Hopefully I'll have a few moments to add stories tomorrow. I think of all of you frequently, for various reasons. Today I'm wearing brown and baby blue, so Benjamin Bradley popped into my mind. It's small things like that that remind me from where I've come and how blessed I am to have such wonderful friends and love in my life.

Te quiero mucho,

Kelsey

Saturday, January 6, 2007

And So It Begins...

My last three days have been exhausting, exciting, and a million things at the same time. The flights were smooth, and I'm discovering that my spanish needs exercise... terribly. I must say, however, after three days I'm already fighting the urge to write to you in Spanish, or spanglish in the least.

I've been trying to keep track of things I learn each day. For instance, at 5:30am on Thursday morning I learned that Starbucks is a heck of a long hike from Councourse E in the Minneapolis/St. Paul airport. I also learned that the grocery store (El Paiz) carries everything from laundry detergent to shirts and ties and bras and underwear to apples and good wine. Driving here, as Megan Albertson (the Team Coordinator and my boss) quite accurately put it, is always a contact sport, and the lane lines... are merely a suggestion. I commend her greatly for her skills at mangaging a manual Toyota Land Rover and a cell phone at the same time.
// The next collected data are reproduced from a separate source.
(* In the IM-OCP setting described in the context, assume $p_t\ge p_{\min}>0$ for all $t$, with $p_{\min}$ independent of $T$, and let $c>0$ and $\beta\in(0,1)$ be constants independent of $T$. Use either the fixed step size $\eta_t=cT^{-\beta}$ for $t=1,\dots,T$ (horizon $T$), or the decaying step size $\eta_t=ct^{-\beta}$. Then there is a constant $A$ independent of $T$ such that $$\left|\mathbb{E}\left[\frac{1}{T}\sum_{t=1}^TE_t\right]-\alpha\right|\le A\,T^{-(1-\beta)},$$ and the expected regret satisfies $\overline{\mathrm{Reg}}(T)=\mathcal{O}\big(T^{\max\{\beta,1-\beta\}}\big)$. In particular $\beta=1/2$ gives miscoverage $\mathcal{O}(T^{-1/2})$ and regret $\mathcal{O}(\sqrt{T})$.
   Context: Fix $\alpha\in(0,1)$ and $B>0$. Let $(r_t^* )_{t\ge1}$ be an arbitrary deterministic sequence of scores with $r_t^*\in[0,B]$. Given thresholds $r_t$, the miscoverage indicator is $E_t=\mathbb{1}\{r_t^*>r_t\}$. The quantile loss is $\ell_{1-\alpha}(r,r^* )=(\alpha-\mathbb{1}\{r<r^*\})(r-r^* )$. Let $P$ be a probability distribution on $[0,B]$ with bounded density, $\sigma>0$, and $R(r)=\mathbb{E}_{r^*\sim P}[\ell_{1-\alpha}(r,r^* )]+\frac{\sigma}{2}r^2$; $R$ is differentiable and $\nabla R$ is a continuous strictly increasing bijection of $\mathbb{R}$. Feedback: $p_t\in(0,1]$ and $(\mathrm{obs}_t)_{t\ge1}$ are independent Bernoulli random variables with $\Pr(\mathrm{obs}_t=1)=p_t$; expectations are over these. IM-OCP: given $r_1\in[0,B]$ and step sizes $\eta_t>0$, for $t\ge2$ the threshold $r_t$ is defined by $$\nabla R(r_t)=\nabla R(r_{t-1})-\eta_{t-1}(\alpha-E_{t-1})\frac{\mathrm{obs}_{t-1}}{p_{t-1}}.$$ The expected regret is $\overline{\mathrm{Reg}}(T)=\mathbb{E}\big[\sum_{i=1}^T\ell_{1-\alpha}(r_i,r_i^* )\mathrm{obs}_i/p_i\big]-\min_{u\in\mathbb{R}}\sum_{i=1}^T\ell_{1-\alpha}(u,r_i^* )$. *)

theory Defs
  imports "HOL-Probability.Probability"
begin

definition qloss :: "real \<Rightarrow> real \<Rightarrow> real \<Rightarrow> real" where
  "qloss \<alpha> r rs = (\<alpha> - (if r < rs then 1 else 0)) * (r - rs)"

definition miscov :: "real \<Rightarrow> real \<Rightarrow> real" where
  "miscov r rs = (if rs > r then 1 else 0)"

definition Rfun :: "real measure \<Rightarrow> real \<Rightarrow> real \<Rightarrow> real \<Rightarrow> real" where
  "Rfun P \<alpha> \<sigma> r = (\<integral>x. qloss \<alpha> r x \<partial>P) + \<sigma> / 2 * r\<^sup>2"
(* Let $C=\{x\in\ell_2:\|x\|_1\le1\}$, considered as a subset of $\ell_2$ with the $\ell_2$-norm topology, where $\|x\|_1=\sum_i|x_i|$. Then $\operatorname{icr} C=\operatorname{fri} C=\{x\in\ell_2:\|x\|_1<1\}$.
   Context: For a convex set $C$, a convex subset $F\subseteq C$ is a face of $C$ if for every $x\in F$ and all $y,z\in C$ with $x\in(y,z)=\{(1-t)y+tz:t\in(0,1)\}$ we have $y,z\in F$; $F_{\min}(x,C)$ is the intersection of all faces of $C$ containing $x\in C$. $\operatorname{icr} C=\{x\in C:\forall y\in C\ \exists z\in C,\ x\in(y,z)\}$; $\operatorname{fri} C=\{x\in C: C\subseteq\overline{F_{\min}(x,C)}\}$. *)

theory Defs
  imports "HOL-Analysis.Analysis"
begin

type_synonym seq = "nat \<Rightarrow> real"

text \<open>The open segment (y,z) = {(1-t)y + tz : t in (0,1)} (as in the paper; equals {y} if y = z).\<close>
definition oseg :: "seq \<Rightarrow> seq \<Rightarrow> seq set" where
  "oseg y z = {(\<lambda>i. (1 - t) * y i + t * z i) | t. 0 < t \<and> t < 1}"

definition seq_convex :: "seq set \<Rightarrow> bool" where
  "seq_convex S \<longleftrightarrow> (\<forall>y\<in>S. \<forall>z\<in>S. \<forall>t::real. 0 \<le> t \<and> t \<le> 1 \<longrightarrow> (\<lambda>i. (1 - t) * y i + t * z i) \<in> S)"

definition is_face :: "seq set \<Rightarrow> seq set \<Rightarrow> bool" where
  "is_face F C \<longleftrightarrow> seq_convex F \<and> F \<subseteq> C \<and>
     (\<forall>x\<in>F. \<forall>y\<in>C. \<forall>z\<in>C. x \<in> oseg y z \<longrightarrow> y \<in> F \<and> z \<in> F)"

definition Fmin :: "seq \<Rightarrow> seq set \<Rightarrow> seq set" where
  "Fmin x C = \<Inter>{F. is_face F C \<and> x \<in> F}"

definition icr :: "seq set \<Rightarrow> seq set" where
  "icr C = {x \<in> C. \<forall>y\<in>C. \<exists>z\<in>C. x \<in> oseg y z}"

definition l2 :: "seq set" where
  "l2 = {x. summable (\<lambda>i. (x i)\<^sup>2)}"

definition l2norm :: "seq \<Rightarrow> real" where
  "l2norm x = sqrt (\<Sum>i. (x i)\<^sup>2)"

definition l2closure :: "seq set \<Rightarrow> seq set" where
  "l2closure S = {x \<in> l2. \<forall>e>0. \<exists>y\<in>S. l2norm (\<lambda>i. x i - y i) < e}"

definition fri :: "seq set \<Rightarrow> seq set" where
  "fri C = {x \<in> C. C \<subseteq> l2closure (Fmin x C)}"

definition l1_le1 :: "seq set" where
  "l1_le1 = {x \<in> l2. summable (\<lambda>i. \<bar>x i\<bar>) \<and> (\<Sum>i. \<bar>x i\<bar>) \<le> 1}"

definition l1_lt1 :: "seq set" where
  "l1_lt1 = {x \<in> l2. summable (\<lambda>i. \<bar>x i\<bar>) \<and> (\<Sum>i. \<bar>x i\<bar>) < 1}"

end

theory Submission
  imports Defs
begin

text \<open>
  If \<open>\<parallel>x\<parallel>\<^sub>1 < 1\<close>, every segment of \<open>C\<close> ending at a point \<open>y\<close> can be prolonged
  beyond \<open>x\<close> while staying in \<open>C\<close>, so \<open>x \<in> icr C\<close>; conversely an icr point is a proper
  multiple of a point of \<open>C\<close> (take \<open>y = 0\<close>). An icr point lies in no proper face, so
  \<open>F\<^sub>m\<^sub>i\<^sub>n(x, C) = C\<close> and \<open>icr C \<subseteq> fri C\<close>. If \<open>\<parallel>x\<parallel>\<^sub>1 = 1\<close>, the set of points of \<open>C\<close> on
  which the functional \<open>y \<mapsto> \<Sum> sgn(x\<^sub>i) y\<^sub>i\<close> attains its maximum \<open>1\<close> is a face containing
  \<open>x\<close>; all its points have \<open>sgn(x\<^sub>j) y\<^sub>j \<ge> 0\<close>, so for \<open>x\<^sub>j \<noteq> 0\<close> the point
  \<open>-sgn(x\<^sub>j) e\<^sub>j \<in> C\<close> has \<open>\<ell>\<^sub>2\<close>-distance at least \<open>1\<close> from it, and \<open>x \<notin> fri C\<close>.
\<close>

lemma icr_subset_Fmin:
  assumes "x \<in> icr C"
  shows "C \<subseteq> Fmin x C"
  unfolding Fmin_def
proof (intro subsetI InterI)
  fix w F assume w: "w \<in> C" and "F \<in> {F. is_face F C \<and> x \<in> F}"
  then have face: "is_face F C" and "x \<in> F" by auto
  from assms w obtain z where "z \<in> C" "x \<in> oseg w z" by (auto simp: icr_def)
  with face \<open>x \<in> F\<close> w show "w \<in> F"
    unfolding is_face_def by blast
qed

lemma subset_l2closure:
  assumes "S \<subseteq> l2" "S \<subseteq> T"
  shows "S \<subseteq> l2closure T"
  using assms by (auto simp: l2closure_def l2norm_def intro!: bexI)

lemma icr_subset_fri:
  assumes "C \<subseteq> l2"
  shows "icr C \<subseteq> fri C"
  using assms icr_subset_Fmin subset_l2closure by (fastforce simp: fri_def icr_def)

lemma is_face_level_set:
  assumes convex: "seq_convex C"
    and le_one: "\<And>y. y \<in> C \<Longrightarrow> f y \<le> 1"
    and affine: "\<And>y z t. y \<in> C \<Longrightarrow> z \<in> C \<Longrightarrow>
                   f (\<lambda>i. (1 - t) * y i + t * z i) = (1 - t) * f y + t * f z"
  shows "is_face {y \<in> C. f y = 1} C"
  unfolding is_face_def
proof (intro conjI ballI impI)
  show "seq_convex {y \<in> C. f y = 1}"
    using convex unfolding seq_convex_def by (simp add: affine)
  show "{y \<in> C. f y = 1} \<subseteq> C" by blast
  fix x y z assume "x \<in> {y \<in> C. f y = 1}" and y: "y \<in> C" and z: "z \<in> C" and "x \<in> oseg y z"
  then obtain t where t: "0 < t" "t < 1" and "(1 - t) * f y + t * f z = 1"
    unfolding oseg_def using affine by force
  then have "(1 - t) * (1 - f y) + t * (1 - f z) = 0"
    by (simp add: algebra_simps)
  moreover have "0 \<le> (1 - t) * (1 - f y)" "0 \<le> t * (1 - f z)"
    using t le_one[OF y] le_one[OF z] by simp_all
  ultimately have "(1 - t) * (1 - f y) = 0" "t * (1 - f z) = 0"
    by linarith+
  then have "f y = 1" "f z = 1"
    using t by simp_all
  with y z show "y \<in> {y \<in> C. f y = 1}" "z \<in> {y \<in> C. f y = 1}"
    by simp_all
qed

lemma summable_square_if_summable_abs:
  fixes x :: seq
  assumes "summable (\<lambda>i. \<bar>x i\<bar>)"
  shows "summable (\<lambda>i. (x i)\<^sup>2)"
proof (rule summable_comparison_test'[of "\<lambda>i. (\<Sum>k. \<bar>x k\<bar>) * \<bar>x i\<bar>" 0])
  show "summable (\<lambda>i. (\<Sum>k. \<bar>x k\<bar>) * \<bar>x i\<bar>)"
    using assms by (rule summable_mult)
  fix i
  have "\<bar>x i\<bar> \<le> (\<Sum>k. \<bar>x k\<bar>)"
    using sum_le_suminf[OF assms, of "{i}"] by simp
  then have "\<bar>x i\<bar> * \<bar>x i\<bar> \<le> (\<Sum>k. \<bar>x k\<bar>) * \<bar>x i\<bar>"
    by (rule mult_right_mono) simp
  then show "norm ((x i)\<^sup>2) \<le> (\<Sum>k. \<bar>x k\<bar>) * \<bar>x i\<bar>"
    by (simp add: power2_eq_square abs_mult)
qed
I've also found that boys tossing fire in the streets is a common novelty that can be paid in either granola bars or pudding.

However, the greatest things I've learned, or was reminded of rather, is the difference between Cansada and Casada. While I knew both words previously, their difference is between being married and tired. My seat neighbor, Juan, was a kind man from South Carolina with gold embellishments on his teeth. After learning where I was going and what I was doing in Guatemala, he asked me kindly if I was married. Thinking he had asked me if I was tired, I said of course. That was slightly embarassing. But after a little confusion, we got our differences figured out and made for a most enjoyable flight. He was going to visit his mother, and I was embarking on something I've never done before.

Yesterday, I learned that the Bodega (HELPS warehouse) is extremely dusty, and that my allergies will have a hay day in this country for the next five months. Bugs also are extremely attracted to dried celery. Kory and I found some friends while packing food yesterday afternoon, but don't worry Dad, we got rid of it and no one will be cooking with such a seasoning. I also found that Banks are located in malls. And that none of the banks in Guatemala accept Visa traveler's checks. There is also a national money shortage, and the banks are stingy when it comes to buying quetzales (Guatemalan money). Supposedly the man in charge forgot to order paper to print the money. Ooops.

I am staying at a wonderful place called Seteca. It's kind of a monestary/hostel, and is far more acommodating than I had expected. The compound is surrounded by a tall, cement, fence with circular barbed and electric wiring around its top. A guard carefully mans the gate and no one is let in or out without their safe knowledge. There are open grounds, basketball courts and soccer fields, a few small courtyards with garden benches and breezy windows. Any venture outside the compound however, is surely dangerous. It's amazing how the demeanor can change at a finger's snap. The first night I had a large eight legged friend first out my window and then above my head. He soon became good friends with the bottom of my shoe. Now normally I'd capture and bring him outside, but I was in my pajamas, and knew he probably was familiar with the way to enter again.

Well, I can only nab so much time in an internet cafe in Antigua. Tomorrow I'm off to church and possibly a little frisbee game with Kory and Rudy (a member of the HELPS staff). But for now, I'm off to the market, lunch and probably a glance at a pair of new earrings. Granted, nothing will be bought until later as my money is a sketchy situation. My parents were glad to hear I was still alive yesterday afternoon when I called, and my dad's cold seems to be clearing up well. I, on the other hand, may have to send for some allergy medecine. El polvo, or dust is a big problem.

I hope all is well in the states, and you aren't too cold in the snow! I apologize for my spastic writing, but it's been quite the jumble the last couple days.